Three Conundrums on Infinity

In this short post, we introduce three conundrums dealing with infinity. This is inspired by my calculus class, as we explore various confusing and confounding aspects of infinity and find that it’s very confusing, sometimes mindbending.

Order Matters

Consider the alternating unit series $$ \sum_{n \geq 0} (-1)^n. $$
We want to try to understand its convergence. If we write out the first several terms, it looks like $$ 1 – 1 + 1 – 1 + 1 – 1 + \cdots $$
What if we grouped the terms while we were summing them?
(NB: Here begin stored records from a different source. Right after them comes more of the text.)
(* Let $G$ be a group with neutral element $e$, $R$ a unital ring, and $\alpha=(\{D_g\}_{g\in G},\{\alpha_g\}_{g\in G})$ a unital partial action of $G$ on $R$, with $1_g$ the multiplicative identity of $D_g$. Assume (a) $D_gD_h=(0)$ for all $g,h\in G$ with $g\ne h$ and $g,h\ne e$, and (b) the set $\{1_g\mid g\in G\}$ is finite. Then for every normal subgroup $N$ of $G$, the induced $G/N$-grading of the partial skew group ring $R\star_\alpha G=\bigoplus_{g\in G}D_g\delta_g$ makes it an epsilon-crossed product.
   Context: A unital partial action of $G$ on $R$ consists of unital ideals $D_g$ of $R$ and ring isomorphisms $\alpha_g\colon D_{g^{-1}}\to D_g$ such that $D_e=R$, $\alpha_e=\mathrm{id}_R$, $\alpha_g(D_{g^{-1}}D_h)=D_gD_{gh}$ for all $g,h$, and $\alpha_g(\alpha_h(x))=\alpha_{gh}(x)$ for all $x\in D_{h^{-1}}D_{(gh)^{-1}}$. The partial skew group ring $R\star_\alpha G=\bigoplus_gD_g\delta_g$ ($\delta_g$ formal symbols) has multiplication $(a_g\delta_g)(b_h\delta_h)=a_g\alpha_g(b_h1_{g^{-1}})\delta_{gh}$, and is $G$-graded by $\{D_g\delta_g\}$. The induced $G/N$-grading is $S_C=\bigoplus_{g\in C}D_g\delta_g$. A grading $\{T_h\}_{h\in H}$ is epsilon-strong if $T_hT_{h^{-1}}T_h=T_h$ for all $h$ ($AB$ = finite sums of products) and each $T_hT_{h^{-1}}$ has a multiplicative identity $\epsilon_h$. An element $s\in T_h$ is epsilon-invertible if there is $t\in T_{h^{-1}}$ with $st=\epsilon_h$ and $ts=\epsilon_{h^{-1}}$. An epsilon-crossed product is an epsilon-strongly graded ring in which every $T_h$ contains an epsilon-invertible element. *)

theory Defs
  imports "HOL-Algebra.Algebra"
begin

inductive_set sum_prods :: "('a, 'm) ring_scheme \<Rightarrow> 'a set \<Rightarrow> 'a set \<Rightarrow> 'a set"
  for S :: "('a, 'm) ring_scheme" and A B :: "'a set" where
  sp_zero: "\<zero>\<^bsub>S\<^esub> \<in> sum_prods S A B"
| sp_prod: "a \<in> A \<Longrightarrow> b \<in> B \<Longrightarrow> a \<otimes>\<^bsub>S\<^esub> b \<in> sum_prods S A B"
| sp_add: "x \<in> sum_prods S A B \<Longrightarrow> y \<in> sum_prods S A B \<Longrightarrow> x \<oplus>\<^bsub>S\<^esub> y \<in> sum_prods S A B"

definition is_mult_identity :: "('a, 'm) ring_scheme \<Rightarrow> 'a set \<Rightarrow> 'a \<Rightarrow> bool" where
  "is_mult_identity S A u \<longleftrightarrow> u \<in> A \<and> (\<forall>x\<in>A. u \<otimes>\<^bsub>S\<^esub> x = x \<and> x \<otimes>\<^bsub>S\<^esub> u = x)"

definition mult_identity :: "('a, 'm) ring_scheme \<Rightarrow> 'a set \<Rightarrow> 'a" where
  "mult_identity S A = (THE u. is_mult_identity S A u)"

definition unital_partial_action ::
  "('g, 'b) monoid_scheme \<Rightarrow> ('r, 'c) ring_scheme \<Rightarrow> ('g \<Rightarrow> 'r set) \<Rightarrow> ('g \<Rightarrow> 'r \<Rightarrow> 'r) \<Rightarrow> bool" where
  "unital_partial_action G R D \<alpha> \<longleftrightarrow>
     (\<forall>g\<in>carrier G. ideal (D g) R \<and> (\<exists>u. is_mult_identity R (D g) u)) \<and>
     (\<forall>g\<in>carrier G. bij_betw (\<alpha> g) (D (inv\<^bsub>G\<^esub> g)) (D g) \<and>
        (\<forall>x\<in>D (inv\<^bsub>G\<^esub> g). \<forall>y\<in>D (inv\<^bsub>G\<^esub> g).
            \<alpha> g (x \<oplus>\<^bsub>R\<^esub> y) = \<alpha> g x \<oplus>\<^bsub>R\<^esub> \<alpha> g y \<and>
            \<alpha> g (x \<otimes>\<^bsub>R\<^esub> y) = \<alpha> g x \<otimes>\<^bsub>R\<^esub> \<alpha> g y)) \<and>
     D \<one>\<^bsub>G\<^esub> = carrier R \<and>
     (\<forall>x\<in>carrier R. \<alpha> \<one>\<^bsub>G\<^esub> x = x) \<and>
     (\<forall>g\<in>carrier G. \<forall>h\<in>carrier G.
        \<alpha> g ` sum_prods R (D (inv\<^bsub>G\<^esub> g)) (D h) = sum_prods R (D g) (D (g \<otimes>\<^bsub>G\<^esub> h))) \<and>
     (\<forall>g\<in>carrier G. \<forall>h\<in>carrier G.
        \<forall>x\<in>sum_prods R (D (inv\<^bsub>G\<^esub> h)) (D (inv\<^bsub>G\<^esub> (g \<otimes>\<^bsub>G\<^esub> h))).
          \<alpha> g (\<alpha> h x) = \<alpha> (g \<otimes>\<^bsub>G\<^esub> h) x)"

definition unit_of_ideal :: "('r, 'c) ring_scheme \<Rightarrow> ('g \<Rightarrow> 'r set) \<Rightarrow> 'g \<Rightarrow> 'r" where
  "unit_of_ideal R D g = mult_identity R (D g)"

text \<open>Elements of the direct sum of the D_g delta_g are represented as finitely supported
  functions f on carrier G with f g in D g (and f = 0 outside carrier G).\<close>

definition skew_support :: "('g, 'b) monoid_scheme \<Rightarrow> ('r, 'c) ring_scheme \<Rightarrow> ('g \<Rightarrow> 'r) \<Rightarrow> 'g set" where
  "skew_support G R f = {g \<in> carrier G. f g \<noteq> \<zero>\<^bsub>R\<^esub>}"

definition skew_mult ::
  "('r, 'c) ring_scheme \<Rightarrow> ('g, 'b) monoid_scheme \<Rightarrow> ('g \<Rightarrow> 'r set) \<Rightarrow> ('g \<Rightarrow> 'r \<Rightarrow> 'r)
     \<Rightarrow> ('g \<Rightarrow> 'r) \<Rightarrow> ('g \<Rightarrow> 'r) \<Rightarrow> 'g \<Rightarrow> 'r" where
  "skew_mult R G D \<alpha> f h x =
     (if x \<in> carrier G then
        (\<Oplus>\<^bsub>R\<^esub> g\<in>skew_support G R f.
           f g \<otimes>\<^bsub>R\<^esub> \<alpha> g (h (inv\<^bsub>G\<^esub> g \<otimes>\<^bsub>G\<^esub> x) \<otimes>\<^bsub>R\<^esub> unit_of_ideal R D (inv\<^bsub>G\<^esub> g)))
      else \<zero>\<^bsub>R\<^esub>)"

definition partial_skew_group_ring ::
  "('r, 'c) ring_scheme \<Rightarrow> ('g, 'b) monoid_scheme \<Rightarrow> ('g \<Rightarrow> 'r set) \<Rightarrow> ('g \<Rightarrow> 'r \<Rightarrow> 'r)
     \<Rightarrow> ('g \<Rightarrow> 'r) ring" where
  "partial_skew_group_ring R G D \<alpha> =
    \<lparr> carrier = {f. (\<forall>g. g \<notin> carrier G \<longrightarrow> f g = \<zero>\<^bsub>R\<^esub>) \<and> (\<forall>g\<in>carrier G. f g \<in> D g)
                    \<and> finite (skew_support G R f)},
      monoid.mult = skew_mult R G D \<alpha>,
      one = (\<lambda>g. if g = \<one>\<^bsub>G\<^esub> then \<one>\<^bsub>R\<^esub> else \<zero>\<^bsub>R\<^esub>),
      ring.zero = (\<lambda>g. \<zero>\<^bsub>R\<^esub>),
      ring.add = (\<lambda>f h g. f g \<oplus>\<^bsub>R\<^esub> h g) \<rparr>"

definition induced_quotient_component ::
  "('r, 'c) ring_scheme \<Rightarrow> ('g, 'b) monoid_scheme \<Rightarrow> ('g \<Rightarrow> 'r set) \<Rightarrow> ('g \<Rightarrow> 'r \<Rightarrow> 'r)
     \<Rightarrow> 'g set \<Rightarrow> ('g \<Rightarrow> 'r) set" where
  "induced_quotient_component R G D \<alpha> C =
     {f \<in> carrier (partial_skew_group_ring R G D \<alpha>). skew_support G R f \<subseteq> C}"

definition is_grading :: "('s, 'm) ring_scheme \<Rightarrow> ('h, 'b) monoid_scheme \<Rightarrow> ('h \<Rightarrow> 's set) \<Rightarrow> bool" where
  "is_grading S H T \<longleftrightarrow>
     (\<forall>h\<in>carrier H. T h \<subseteq> carrier S \<and> \<zero>\<^bsub>S\<^esub> \<in> T h \<and>
        (\<forall>x\<in>T h. \<forall>y\<in>T h. x \<oplus>\<^bsub>S\<^esub> y \<in> T h \<and> \<ominus>\<^bsub>S\<^esub> x \<in> T h)) \<and>
     (\<forall>g\<in>carrier H. \<forall>h\<in>carrier H. \<forall>x\<in>T g. \<forall>y\<in>T h. x \<otimes>\<^bsub>S\<^esub> y \<in> T (g \<otimes>\<^bsub>H\<^esub> h)) \<and>
     (\<forall>s\<in>carrier S. \<exists>!x. (\<forall>h. h \<notin> carrier H \<longrightarrow> x h = \<zero>\<^bsub>S\<^esub>) \<and> (\<forall>h\<in>carrier H. x h \<in> T h) \<and>
        finite {h \<in> carrier H. x h \<noteq> \<zero>\<^bsub>S\<^esub>} \<and>
        s = (\<Oplus>\<^bsub>S\<^esub> h\<in>{h \<in> carrier H. x h \<noteq> \<zero>\<^bsub>S\<^esub>}. x h))"

definition epsilon_strong :: "('s, 'm) ring_scheme \<Rightarrow> ('h, 'b) monoid_scheme \<Rightarrow> ('h \<Rightarrow> 's set) \<Rightarrow> bool" where
  "epsilon_strong S H T \<longleftrightarrow> is_grading S H T \<and>
     (\<forall>h\<in>carrier H.
        sum_prods S (sum_prods S (T h) (T (inv\<^bsub>H\<^esub> h))) (T h) = T h \<and>
        (\<exists>u. is_mult_identity S (sum_prods S (T h) (T (inv\<^bsub>H\<^esub> h))) u))"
Perhaps we should group them like so, $$ (1 – 1) + (1 – 1) + (1 – 1) + \cdots = 0 + 0 + 0 + \cdots $$
so that the sum is very clearly $latex {0}$. Adding infinitely many zeroes certainly gives zero, right?

On the other hand, what if we group the terms like so, $$ 1 + (-1 + 1) + (-1 + 1) + \cdots = 1 + 0 + 0 + \cdots $$
which is very clearly $latex {1}$. After all, adding $latex {1}$ to infinitely many zeroes certainly gives one, right?
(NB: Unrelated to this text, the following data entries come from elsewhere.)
lemma perm_eq_three_cycle_if_small_support:
  assumes u: "u permutes \<Omega>" and "finite \<Omega>" and small: "card (supp \<Omega> u) \<le> 3"
    and \<alpha>: "\<alpha> \<in> supp \<Omega> u" and distinct: "distinct [\<alpha>, u \<alpha>, u (u \<alpha>)]"
  shows "u = transpose \<alpha> (u (u \<alpha>)) \<circ> transpose \<alpha> (u \<alpha>)"
proof -
  let ?S = "supp \<Omega> u"
  note fix_iff = permutes_fixes_iff_notin_supp[OF u] and mem_iff = permutes_mem_supp_iff[OF u]
  have inj: "u x = u y \<longleftrightarrow> x = y" for x y using permutes_inj[OF u] by (meson injD)
  have "finite ?S" using \<open>finite \<Omega>\<close> by (simp add: supp_def)
  have "u \<alpha> \<in> ?S" "u (u \<alpha>) \<in> ?S" using \<alpha> mem_iff by simp_all
  have S_eq: "?S = {\<alpha>, u \<alpha>, u (u \<alpha>)}"
  proof (rule card_seteq[symmetric])
    show "{\<alpha>, u \<alpha>, u (u \<alpha>)} \<subseteq> ?S" using \<alpha> \<open>u \<alpha> \<in> ?S\<close> \<open>u (u \<alpha>) \<in> ?S\<close> by simp
    show "card ?S \<le> card {\<alpha>, u \<alpha>, u (u \<alpha>)}" using small distinct by simp
  qed (use \<open>finite ?S\<close> in simp)
  have neq: "\<alpha> \<noteq> u \<alpha>" "u \<alpha> \<noteq> \<alpha>" "\<alpha> \<noteq> u (u \<alpha>)" "u (u \<alpha>) \<noteq> \<alpha>"
    "u \<alpha> \<noteq> u (u \<alpha>)" "u (u \<alpha>) \<noteq> u \<alpha>"
    using distinct by auto
  have "u (u (u \<alpha>)) \<in> ?S" using \<open>u (u \<alpha>) \<in> ?S\<close> mem_iff[of "u (u \<alpha>)"] by blast
  moreover have "u (u (u \<alpha>)) \<noteq> u \<alpha>" using neq inj[of "u (u \<alpha>)" \<alpha>] by simp
  moreover have "u (u (u \<alpha>)) \<noteq> u (u \<alpha>)" using neq inj[of "u (u \<alpha>)" "u \<alpha>"] by simp
  ultimately have "u (u (u \<alpha>)) = \<alpha>" using S_eq by blast
  have "u x = (transpose \<alpha> (u (u \<alpha>)) \<circ> transpose \<alpha> (u \<alpha>)) x" for x
  proof -
    consider "x = \<alpha>" | "x = u \<alpha>" | "x = u (u \<alpha>)" | "x \<notin> {\<alpha>, u \<alpha>, u (u \<alpha>)}" by blast
    then show ?thesis
    proof cases
      case 4
      then show ?thesis using fix_iff S_eq by simp
    qed (use neq \<open>u (u (u \<alpha>)) = \<alpha>\<close> in simp_all)
  qed
  then show ?thesis by (rule ext)
qed

lemma small_support_perm_cases:
  assumes u: "u permutes \<Omega>" and "finite \<Omega>" and small: "card (supp \<Omega> u) \<le> 3"
    and \<alpha>: "\<alpha> \<in> supp \<Omega> u"
  obtains (transposition) "u = transpose \<alpha> (u \<alpha>)"
    | (three_cycle) "distinct [\<alpha>, u \<alpha>, u (u \<alpha>)]" "u = transpose \<alpha> (u (u \<alpha>)) \<circ> transpose \<alpha> (u \<alpha>)"
proof (cases "u (u \<alpha>) = \<alpha>")
  case True
  then show thesis using perm_eq_transpose_if_small_support[OF assms] transposition by blast
next
  case False
  have "u \<alpha> \<noteq> \<alpha>" using \<alpha> permutes_fixes_iff_notin_supp[OF u] by blast
  moreover have "u (u \<alpha>) \<noteq> u \<alpha>" using \<open>u \<alpha> \<noteq> \<alpha>\<close> permutes_inj[OF u] by (metis injD)
  ultimately have "distinct [\<alpha>, u \<alpha>, u (u \<alpha>)]" using False by auto
  then show thesis using perm_eq_three_cycle_if_small_support[OF assms] three_cycle by blast
qed

lemma distinct_list_extend:
  assumes "finite A" "distinct xs" "set xs \<subseteq> A" "length xs \<le> k" "k \<le> card A"
  obtains zs where "distinct (xs @ zs)" "set zs \<subseteq> A" "length (xs @ zs) = k"
proof -
  obtain ws where ws: "set ws = A - set xs" "distinct ws"
    using finite_distinct_list[of "A - set xs"] assms(1) by blast
  have "length ws = card A - length xs"
    using distinct_card[OF ws(2)] ws(1) assms(1-3) by (simp add: card_Diff_subset distinct_card)
  then show ?thesis
    using that[of "take (k - length xs) ws"] ws assms(2,4,5) by (auto dest: in_set_takeD)
qed

lemma t_transitiveE:
  assumes "t_transitive t \<Omega> G" "length xs = t" "length ys = t" "distinct xs" "distinct ys"
    "set xs \<subseteq> \<Omega>" "set ys \<subseteq> \<Omega>"
  obtains g where "g \<in> G" "map g xs = ys"
  using assms unfolding t_transitive_def by blast

lemma t_transitive_mono:
  assumes "t_transitive t \<Omega> G" "s \<le> t" "t \<le> card \<Omega>" "finite \<Omega>"
  shows "t_transitive s \<Omega> G"
  unfolding t_transitive_def
proof (intro allI impI)
  fix xs ys :: "'a list"
  assume "length xs = s \<and> length ys = s \<and> distinct xs \<and> distinct ys \<and> set xs \<subseteq> \<Omega> \<and> set ys \<subseteq> \<Omega>"
  then have xs: "length xs = s" "distinct xs" "set xs \<subseteq> \<Omega>"
    and ys: "length ys = s" "distinct ys" "set ys \<subseteq> \<Omega>" by auto
  obtain xs' where xs': "distinct (xs @ xs')" "set xs' \<subseteq> \<Omega>" "length (xs @ xs') = t"
    using distinct_list_extend[OF assms(4) xs(2,3)] xs(1) assms(2,3) by metis
  obtain ys' where ys': "distinct (ys @ ys')" "set ys' \<subseteq> \<Omega>" "length (ys @ ys') = t"
    using distinct_list_extend[OF assms(4) ys(2,3)] ys(1) assms(2,3) by metis
  obtain g where "g \<in> G" "map g (xs @ xs') = ys @ ys'"
    using t_transitiveE[OF assms(1) xs'(3) ys'(3) xs'(1) ys'(1)] xs'(2) ys'(2) xs(3) ys(3) by auto
  then show "\<exists>g\<in>G. map g xs = ys"
    using xs(1) ys(1) by (auto simp: append_eq_append_conv)
qed

lemma three_transitiveE:
  assumes "t_transitive 3 \<Omega> G" "a \<in> \<Omega>" "b \<in> \<Omega>" "c \<in> \<Omega>" "distinct [a, b, c]"
    "x \<in> \<Omega>" "y \<in> \<Omega>" "z \<in> \<Omega>" "distinct [x, y, z]"
  obtains g where "g \<in> G" "g a = x" "g b = y" "g c = z"
  using t_transitiveE[OF assms(1), of "[a, b, c]" "[x, y, z]"] assms(2-) by auto

lemma ex_not_mem_if_card_less:
  assumes "finite B" "card B < card A"
  obtains x where "x \<in> A" "x \<notin> B"
  using assms card_mono leD by blast

lemma three_distinct_points:
  assumes "3 \<le> card A"
  obtains a b c where "a \<in> A" "b \<in> A" "c \<in> A" "distinct [a, b, c]"
proof -
  obtain a where a: "a \<in> A" using assms by fastforce
  have "finite {a}" "card {a} < card A" using assms by simp_all
  then obtain b where b: "b \<in> A" "b \<notin> {a}" by (rule ex_not_mem_if_card_less)
  have "finite {a, b}" "card {a, b} < card A" using assms b(2) by simp_all
  then obtain c where c: "c \<in> A" "c \<notin> {a, b}" by (rule ex_not_mem_if_card_less)
  show ?thesis using that a b c by simp
qed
A related, perhaps deeper paradox is one we mentioned in class. For conditionally convergent series like the alternating harmonic series $$ \sum_{n = 1}^\infty \frac{(-1)^n}{n}, $$
if we are allowed to rearrange the terms then we can have the series sum to any number that we want. This is called the Riemann Series Theorem.

The Thief and the King

A very wealthy king keeps gold coins in his vault, but a sneaky thief knows how to get in. Suppose that each day, the king puts two more gold coins into the vault. And each day, the thief takes one gold coin out (so that the king won’t notice that the vault is empty). After infinitely many days, how much gold is left in the vault?
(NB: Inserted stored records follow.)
(* Let $\Omega$ be a non-empty bounded open subset of $\mathbf{R}^n$ and let $f:\Omega\to\mathbf{R}^n$ be a $C^1$ function. Then at least one of the following holds: (e1) $f$ satisfies the convex hull-like property in $\Omega$; (e2) there exists a non-empty open set $X\subseteq\Omega$ with $\overline{X}\subseteq\Omega$ such that for every continuous function $g:\Omega\to\mathbf{R}^n$ which is $C^1$ in $X$, there exists $\tilde\lambda\ge0$ such that for each $\lambda>\tilde\lambda$ one has $\det(J_{g+\lambda f}(\hat x))=0$ for some $\hat x\in X$.
   Context: $\det(J_h(x))$ denotes the Jacobian determinant of a $C^1$ map $h$ at $x$. A function $\psi:\mathbf{R}^n\to\mathbf{R}$ is quasi-convex if for each $r\in\mathbf{R}$ the set $\psi^{-1}(]-\infty,r])$ is convex. A continuous function $f:\Omega\to\mathbf{R}^n$ satisfies the convex hull-like property in $\Omega$ if for every continuous quasi-convex $\psi:\mathbf{R}^n\to\mathbf{R}$ there exists $x^*\in\partial\Omega$ such that $\limsup_{x\to x^*,\,x\in\Omega}\psi(f(x))=\sup_{x\in\Omega}\psi(f(x))$. *)

theory Defs
  imports "HOL-Analysis.Analysis"
begin

definition C1_on :: "('a::real_normed_vector \<Rightarrow> 'b::real_normed_vector) \<Rightarrow> 'a set \<Rightarrow> bool" where
  "C1_on f S \<longleftrightarrow> (\<exists>f' :: 'a \<Rightarrow> 'a \<Rightarrow>\<^sub>L 'b.
       (\<forall>x\<in>S. (f has_derivative blinfun_apply (f' x)) (at x)) \<and> continuous_on S f')"

definition jacobian_det :: "(real^'n \<Rightarrow> real^'n) \<Rightarrow> real^'n \<Rightarrow> real" where
  "jacobian_det h x = det (matrix (frechet_derivative h (at x)))"

definition quasi_convex :: "('a::real_vector \<Rightarrow> real) \<Rightarrow> bool" where
  "quasi_convex \<psi> \<longleftrightarrow> (\<forall>r. convex {y. \<psi> y \<le> r})"

definition convex_hull_like :: "(real^'n \<Rightarrow> real^'n) \<Rightarrow> (real^'n) set \<Rightarrow> bool" where
  "convex_hull_like f \<Omega> \<longleftrightarrow>
     (\<forall>\<psi> :: real^'n \<Rightarrow> real. continuous_on UNIV \<psi> \<and> quasi_convex \<psi> \<longrightarrow>
        (\<exists>xs\<in>frontier \<Omega>.
           Limsup (at xs within \<Omega>) (\<lambda>x. ereal (\<psi> (f x))) = (SUP x\<in>\<Omega>. ereal (\<psi> (f x)))))"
Suppose that the king numbers each coin. So on day 1, the king puts in coins labelled 1 and 2, and on day 2 he puts in coins labelled 3 and 4, and so on. What if the thief steals the odd numbered coin each day? Then at the end of time, the king has all the even coins.

But what if instead, the thief steals from the bottom. So he first steals coin number 1, then number 2, and so on. At the end of time, no coin is left in the vault, since for any number $latex {n}$, the $latex {n}$th coin has been taken by the king.

Prevalence of Rarity

When I drove to Providence this morning, the car in front of me had the license place 637RB2. Think about it – out of the approximately $latex {10\cdot10\cdot10\cdot26\cdot 26 \cdot 10 = 6760000}$ possibilities, I happened across this one. Isn’t that amazing! How could something so rare happen to me?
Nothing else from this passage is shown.